1st - 4nd May - Spring

6th - 9th May - Neap

10th - 17th April - Spring

18th - 22th May - Neap

23rd - 29th May - Spring

29th - 31 May - Neap


Positive Ecological Restoration News:


Great Yellow Bumblebee: UK rarest bee discovered in Scotland


Conservationists have had a "once-in-a-lifetime moment" after discovering one of the UK's rarest types of bees. The Great Yellow bumblebees were spotted in Caithness, Scotland buzzing in the heathland. Scientists were able to film the yellow bumblebee’s nest and according on Sky News said: ”It's rare to be able to find any bumblebee nest in the UK, but to observe and film a Great Yellow bumblebee nest is astonishing.”

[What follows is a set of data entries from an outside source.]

lemma elem_apply: "elem i k = (if k = i then Node Leaf Leaf else Leaf)"
  by (simp add: elem_def)

lemma graft_elem_outside: "\<not> (z \<le> i \<and> i < z + leaves t) \<Longrightarrow> graft_elem t z i = t"
  by (induction t arbitrary: z) (auto simp: elem_apply)

lemma leaves_graft_elem:
  "leaves (graft_elem t z i) = leaves t + (if z \<le> i \<and> i < z + leaves t then 1 else 0)"
  by (induction t arbitrary: z) (auto simp: elem_apply)

lemma graft_elem_neq_Leaf: "z \<le> i \<Longrightarrow> i < z + leaves t \<Longrightarrow> graft_elem t z i \<noteq> Leaf"
proof
  assume "z \<le> i" "i < z + leaves t" "graft_elem t z i = Leaf"
  then have "leaves Leaf = leaves t + 1"
    by (metis leaves_graft_elem)
  then show False
    using leaves_pos[of t] by simp
qed

lemma qd_tree_range: "q \<in> qd_tree t z \<Longrightarrow> z \<le> q \<and> Suc q < z + leaves t"
proof (induction t arbitrary: z)
  case (Node l r)
  then show ?case
    by (auto split: if_splits) fastforce+
qed simp

lemma qd_tree_shift: "q + s \<in> qd_tree t (z + s) \<longleftrightarrow> q \<in> qd_tree t z"
proof (induction t arbitrary: z)
  case (Node l r)
  have "q + s \<in> qd_tree r (z + s + leaves l) \<longleftrightarrow> q \<in> qd_tree r (z + leaves l)"
    using Node.IH(2)[of "z + leaves l"] by (simp add: ac_simps)
  then show ?case
    using Node.IH(1)[of z] by auto
qed simp

lemma qd_tree_nonempty: "t \<noteq> Leaf \<Longrightarrow> qd_tree t z \<noteq> {}"
proof (induction t arbitrary: z)
  case (Node l r)
  then show ?case
    by (cases l) auto
qed simp
(* Under the null hypothesis $p=p'$ (so that $r_v:=p'_v/p_v\equiv1$ for every node $v$), assume Assumption 1 and Assumption 2, let $\theta_t$ be generated by the block stochastic gradient update with $\alpha_{v,t}=c/t$ for all $v,t$, where $c>0$ and $c\,\mathcal{C}<1$, suppose $\|\theta_t\|\le\rho$ for all $t$ almost surely for some $\rho>0$, and suppose $\sigma=\sup_t\sigma_t<\infty$. Then the statistic $$\hat g_t=\frac1{n^{\mathrm{pre}}}\sum_{y\in Y_t^{\mathrm{pre}}}K_G(y)^\top\theta_{t+1}\in\mathbb{R}^N$$ is an asymptotically unbiased estimator of $r(y)-\mathbf{1}_N=0$, i.e. $\mathbb{E}[\hat g_t]\to 0$ as $t\to\infty$.
   Context: Graph: $G$ undirected weighted on $V=\{1,\dots,N\}$, symmetric $W$ with $W_{uv}\ge0$, $W_{vv}=0$; $\mathcal{N}(v)$ neighbors of $v$; $d_v=\sum_{u\in\mathcal{N}(v)}W_{uv}$; $\mathcal{L}_G=\mathrm{diag}(d_v)-W$. Data: node $v$ produces observations in $\mathcal{X}_v$; $y_t=(y_{1,t},\dots,y_{N,t})$; pre-change joint density $p$ with marginals $p_v$, post-change $p'$ with marginals $p'_v$; $r(y)=(r_1(y_1),\dots,r_N(y_N))$ with $r_v=p'_v/p_v$. Assumption 1: each $k_v$ is a reproducing kernel on $\mathcal{X}_v$ with separable RKHS and $\sup k_v\le M_v<\infty$. Assumption 2: $y_1,y_2,\dots$ are independent in time. Kernels/dictionaries: fixed dictionary $x_{v,1},\dots,x_{v,L_v}$ per node; $k_v(y_v)=(k_v(y_v,x_{v,l}))_{l=1}^{L_v}$; $L=\sum_vL_v$; $\theta=(\theta_1,\dots,\theta_N)\in\mathbb{R}^L$; $K_G(y)\in\mathbb{R}^{L\times N}$ block diagonal with $v$-th diagonal block the column $k_v(y_v)$. Windows: $Y_t^{\mathrm{pre}}$ consists of $n^{\mathrm{pre}}$ observations sampled uniformly at random at each $t$ from a fixed collection of observations distributed according to $p$; $Y_t^{\mathrm{post}}=\{y_{t-n^{\mathrm{post}}},\dots,y_t\}$. $h^{\mathrm{pre}}_{v,t},h^{\mathrm{post}}_{v,t}$ are the window averages of $k_v(y_v)$, $H^{\mathrm{pre}}_{v,t}$ the pre-window average of $k_v(y_v)k_v(y_v)^\top$ (stacked/block-diagonal versions $h^{\mathrm{pre}}_t,h^{\mathrm{post}}_t,H^{\mathrm{pre}}_t$); $A_t=H^{\mathrm{pre}}_t+\lambda\frac1{n^{\mathrm{pre}}}\sum_{y\in Y_t^{\mathrm{pre}}}K_G(y)\mathcal{L}_GK_G(y)^\top+\gamma I_L$ ($\lambda\ge0,\gamma>0$), $b_t=h^{\mathrm{pre}}_t-h^{\mathrm{post}}_t$, $F_t(\theta)=\frac12\theta^\top A_t\theta+\theta^\top b_t$, $\mathbf{F}=\mathbb{E}[F_t]$. Update: for $t\ge1$, $v=1,\dots,N$ in order, $\theta_{v,t+1}=\theta_{v,t}-\alpha_{v,t}\nabla_{\theta_v}F_t(z_{v,t})$ with $z_{v,t}=(\theta_{1,t+1},\dots,\theta_{v-1,t+1},\theta_{v,t},\dots,\theta_{N,t})$. Constants: $\lambda^{\max}_v=\|\mathbb{E}_p[H^{\mathrm{pre}}_{v,t}]\|_2$; $C_v=(1+\lambda d_v)\lambda^{\max}_v+\gamma+\lambda M_v\sum_{u\in\mathcal{N}(v)}W_{uv}M_u$; $\mathcal{C}=\max_vC_v$; $\delta_{v,t}=\nabla_{\theta_v}F_t(z_{v,t})-\nabla_{\theta_v}\mathbf{F}(z_{v,t})$ and $(\sigma_t)$ satisfies $\mathbb{E}\|\delta_{v,t}\|^2\le\sigma_t^2$ for all $v,t$.
   Formalization: The pre-change window $Y_t^{\mathrm{pre}}$ consists of fresh independent draws from p, independent across t and of the stream $y_t$, instead of uniform samples from a fixed collection; each kernel $k_v$ is also jointly measurable. The statement above fails without it. *)

theory Defs
  imports "HOL-Probability.Probability"
begin
(* Let $\sigma_0\ge\sigma_1\ge\dots\ge\sigma_{r-1}>0$ with $\sum_{i=0}^{r-1}\sigma_i^2=1$ and $r\le\min(N_1,N_2)$ (with $\sigma_1:=0$ if $r=1$), let $|\sigma\rangle=\sum_{i=0}^{r-1}\sigma_i|ii\rangle\in\mathbb{C}^{N_1}\otimes\mathbb{C}^{N_2}$, let $\lambda\in[0,1]$ and $Q=(1-\lambda)\frac{\mathbb{I}_{N_1N_2}}{N_1N_2}+\lambda|\sigma\rangle\langle\sigma|$. Then $Q^{T_1}\ge0$ if and only if $\lambda\le\frac{1}{1+N_1N_2\sigma_0\sigma_1}$.
   Context: $Q^{T_1}$ denotes the partial transpose of $Q$ with respect to the first tensor factor in the computational basis: $(|a\rangle\langle b|\otimes|c\rangle\langle d|)^{T_1}=|b\rangle\langle a|\otimes|c\rangle\langle d|$, extended linearly. *)

theory Defs
  imports "HOL-Analysis.Analysis" "HOL-Library.Complex_Order"
begin

text \<open>Operators on C^N1 (x) C^N2 are represented as functions on pairs of basis
  indices: the basis vector |a c> (a < N1, c < N2) is the pair (a, c), and
  M (a,c) (b,d) is the matrix entry <a c| M |b d>.\<close>

type_synonym bop = "nat \<times> nat \<Rightarrow> nat \<times> nat \<Rightarrow> complex"

definition basis_idx :: "nat \<Rightarrow> nat \<Rightarrow> (nat \<times> nat) set" where
  "basis_idx N1 N2 = {..<N1} \<times> {..<N2}"

definition psd :: "nat \<Rightarrow> nat \<Rightarrow> bop \<Rightarrow> bool" where
  "psd N1 N2 M \<longleftrightarrow>
     (\<forall>v :: nat \<times> nat \<Rightarrow> complex.
        0 \<le> (\<Sum>x\<in>basis_idx N1 N2. \<Sum>y\<in>basis_idx N1 N2. cnj (v x) * M x y * v y))"

definition ptrans1 :: "bop \<Rightarrow> bop" where
  "ptrans1 M = (\<lambda>(a, c) (b, d). M (b, c) (a, d))"

definition sigma_ket :: "nat \<Rightarrow> (nat \<Rightarrow> real) \<Rightarrow> nat \<times> nat \<Rightarrow> complex" where
  "sigma_ket r \<sigma> = (\<lambda>(a, c). if a = c \<and> a < r then complex_of_real (\<sigma> a) else 0)"

definition Qop :: "nat \<Rightarrow> nat \<Rightarrow> nat \<Rightarrow> (nat \<Rightarrow> real) \<Rightarrow> real \<Rightarrow> bop" where
  "Qop N1 N2 r \<sigma> lam = (\<lambda>x y.
     complex_of_real ((1 - lam) / real (N1 * N2)) * (if x = y then 1 else 0)
     + complex_of_real lam * sigma_ket r \<sigma> x * cnj (sigma_ket r \<sigma> y))"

Wolves To Roam Free in Mexico


The ABQ BioPark in Albuquerque are helping to release gray wolves (Canis lupus baileyii) into the Sierra Madre in Mexico in what is their first international release. Erin Flynn, ABQ BioPark mammal curator, said in a statement. “It’s a zoo’s dream to directly help a wild population like this. It’s even more powerful and touching for us that it’s our beloved lobo that we’re helping.” The wolf is a rare and endangered species in Mexico’s Sierra Madre Occidental and this will greatly help to recover their numbers.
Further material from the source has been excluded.